Money & Investing: Asian Currencies Were Buoyed By Talk of a Weaker U.S. Dollar
July 20, 2001 By JASON BOOTH Staff Reporter of THE WALL STREET JOURNAL
HONG KONG -- Asian currencies extended their gains against the dollar Thursday on speculation that President Bush may surrender to pressure at home and back away from the U.S.'s strong-dollar policy at the summit of the Group of Eight leading industrial economies, which begins Friday in Genoa, Italy.
But many Asian economists believe that the latest advances by Asian currencies might be a false dawn, with a relapse not far down the road.
For the moment, however, the market is focused on whether European officials will use the G-8 meeting to push U.S. financial officials to move off their strong-dollar stance. The G-8 comprises the U.S., Japan, Germany, France, the United Kingdom, Italy, Canada and Russia.
The expected nudge from Europe would come in addition to the pressure Mr. Bush is under from U.S. business leaders, who want to weaken the dollar in order to improve the competitiveness of U.S. exports and create jobs. Earlier in the week, Federal Reserve Chairman Alan Greenspan added to the dollar's woes by describing further softness in the U.S. economy. The resulting prospect of lower U.S. interest rates may prompt investors to shift money from U.S. assets to higher yielding assets overseas, analysts believe.
Late in Asia on Thursday, the dollar was quoted at 123.635 yen, down from 123.90 yen late Wednesday. In South Korea, the dollar finished at 1,305.8 won, down from 1,311.7 won Wednesday. While in Singapore, the dollar slipped to 1.8281 Singapore dollars from S$1.8319. The declines followed even bigger downward moves Wednesday.

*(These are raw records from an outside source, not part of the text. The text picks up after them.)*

lemma nn_integral_normal_density_neg_part:
  assumes \<sigma>: "\<sigma> > 0"
  shows "(\<integral>\<^sup>+y. ennreal (normal_density 0 \<sigma> y) * ennreal (max 0 (- y)) \<partial>lborel) = ennreal (\<sigma> / sqrt (2 * pi))"
proof -
  let ?g = "\<lambda>y. ennreal (normal_density 0 \<sigma> y) * ennreal (max 0 (- y))"
  let ?F = "\<lambda>y. - \<sigma>\<^sup>2 * normal_density 0 \<sigma> y"
  have "(\<integral>\<^sup>+y. ?g y \<partial>lborel) = (\<integral>\<^sup>+y. ?g y \<partial>distr lborel borel uminus)"
    by (simp add: lborel_distr_uminus)
  also have "\<dots> = (\<integral>\<^sup>+y. ?g (- y) \<partial>lborel)"
    by (subst nn_integral_distr) (auto simp: normal_density_def)
  also have "\<dots> = (\<integral>\<^sup>+y. ennreal (normal_density 0 \<sigma> y * y) * indicator {0..} y \<partial>lborel)"
    by (rule nn_integral_cong)
      (auto simp: normal_density_def ennreal_mult'[symmetric] ennreal_eq_0_iff split: split_indicator
        intro!: divide_nonpos_nonneg mult_nonneg_nonpos)
  also have "\<dots> = ennreal (0 - ?F 0)"
  proof (rule nn_integral_FTC_atLeast[where F = ?F])
    fix x :: real assume x: "0 \<le> x"
    show "DERIV ?F x :> normal_density 0 \<sigma> x * x"
      using \<sigma> unfolding normal_density_def
      by (auto intro!: derivative_eq_intros simp: field_simps power2_eq_square)
    show "0 \<le> normal_density 0 \<sigma> x * x" using x by simp
  next
    show "(?F \<longlongrightarrow> 0) at_top"
      using \<sigma> unfolding normal_density_def by real_asymp
  qed simp
  also have "ennreal (0 - ?F 0) = ennreal (\<sigma> / sqrt (2 * pi))"
    using \<sigma> by (simp add: normal_density_def real_sqrt_mult field_simps power2_eq_square)
  finally show ?thesis .
qed

lemma prob_space_link_law:
  assumes "\<Omega> > 0" "F > 0"
  shows "prob_space (link_law \<Omega> F)"
proof -
  interpret A: prob_space "density lborel (rayleigh_density \<Omega>)"
    by (rule prob_spaceI) (simp add: emeasure_density nn_integral_rayleigh_density assms)
  interpret B: prob_space "density lborel (normal_density 0 (pi * F * sqrt \<Omega>))"
    using assms by (intro prob_space_normal_density) simp
  interpret pair_prob_space "density lborel (rayleigh_density \<Omega>)"
      "density lborel (normal_density 0 (pi * F * sqrt \<Omega>))" ..
  show ?thesis unfolding link_law_def by (rule prob_space_axioms)
qed

lemma sets_link_law[measurable_cong]: "sets (link_law \<Omega> F) = sets (borel \<Otimes>\<^sub>M borel)"
  unfolding link_law_def by (intro sets_pair_measure_cong) auto

lemma nn_integral_link_law:
  assumes "\<Omega> > 0" "F > 0"
    and [measurable]: "f \<in> borel_measurable borel" "g \<in> borel_measurable borel"
  shows "(\<integral>\<^sup>+p. f (fst p) * g (snd p) \<partial>link_law \<Omega> F) =
    (\<integral>\<^sup>+x. ennreal (rayleigh_density \<Omega> x) * f x \<partial>lborel) *
    (\<integral>\<^sup>+y. ennreal (normal_density 0 (pi * F * sqrt \<Omega>) y) * g y \<partial>lborel)"
proof -
  let ?A = "density lborel (rayleigh_density \<Omega>)"
  let ?B = "density lborel (normal_density 0 (pi * F * sqrt \<Omega>))"
  interpret B: prob_space ?B
    using assms by (intro prob_space_normal_density) simp
  have "(\<integral>\<^sup>+p. f (fst p) * g (snd p) \<partial>link_law \<Omega> F) = (\<integral>\<^sup>+x. \<integral>\<^sup>+y. f x * g y \<partial>?B \<partial>?A)"
    unfolding link_law_def by (subst B.nn_integral_fst[symmetric]) auto
  also have "\<dots> = (\<integral>\<^sup>+x. f x * (\<integral>\<^sup>+y. g y \<partial>?B) \<partial>?A)"
    by (subst nn_integral_cmult) auto
  also have "\<dots> = (\<integral>\<^sup>+x. f x \<partial>?A) * (\<integral>\<^sup>+y. g y \<partial>?B)"
    by (subst nn_integral_multc) auto
  finally show ?thesis
    by (simp add: nn_integral_density)
qed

Yet economists don't believe that Asian currencies are poised to make a sustained recovery. Expressing doubt that the U.S. will be moved to shift its dollar policy, they also maintain that the depressed state of most Asian economies, particularly Japan, will likely hobble Asian currencies for some time to come.
"I don't see [the dollar's weakness] as a positive event for Asian currencies," said David Simmonds, regional currency strategist at Citibank Salomon Smith Barney in Singapore. "I see short-term strength as an opportunity to take new long positions on the dollar" compared with Asian currencies.
1Bush Defends the Strong Dollar, Saying Market Decides Its Value (July 19) Asian economists believe the only major currency likely to strengthen against the dollar in the coming months is the euro. Most see the yen, along with most other Asian currencies weakening further. "The yen is following the euro, rather that moving up by itself," said Bernhard Eschweiler, economist at Chase Manhattan Bank in Singapore.
Japan is showing signs of slipping back into recession. As such, the Japanese government appears more likely to press for a weaker yen in order to maintain exports. "Japanese policy makers have a preference for a weaker yen while the Europeans want a stronger euro," Mr. Eschweiler said. J.P. Morgan sees the Japanese currency weakening to 129 yen to the dollar by October, while the South Korean, Taiwanese and Thai currencies are all expected to weaken further.
The won is likely to move in tandem with the yen because Korean exports compete closely against their Japanese counterparts. Taiwan, which is facing major economic difficulties from the global electronics slowdown, also appears eager to let its currency fall further.
Moreover, jitters in the international financial markets over Argentina's financial difficulties make it unlikely that money will flow into Asian currencies in the near term. "In a high-risk environment, that's when emerging-market currencies underperform," Mr. Eschweiler said.
Meanwhile, economists in Asia see few indications that the U.S. is interested in backing away from its strong-dollar policy. Their view is that the strength of the dollar has been a magnet for foreign investment in U.S. assets in recent years, a trend that has helped fund the U.S.'s breathtaking economic advance and powered its financial markets. It's a trend that economists see as more important than boosting U.S. steel and corn exports.
"At the end of the day, manufacturing exports are not the most important part of the U.S. economy," said Desmond Supple, an economist at Barclays Capital in Singapore. "The day you see a weakening U.S. dollar is the day people start selling U.S. assets." We remain very bullish on the U.S. dollar." Barclays has a 12-month target of 140 yen to the U.S. dollar and a two-year target of 170 yen to the dollar.
-- Elizabeth Price of Dow Jones Newswires contributed to this article.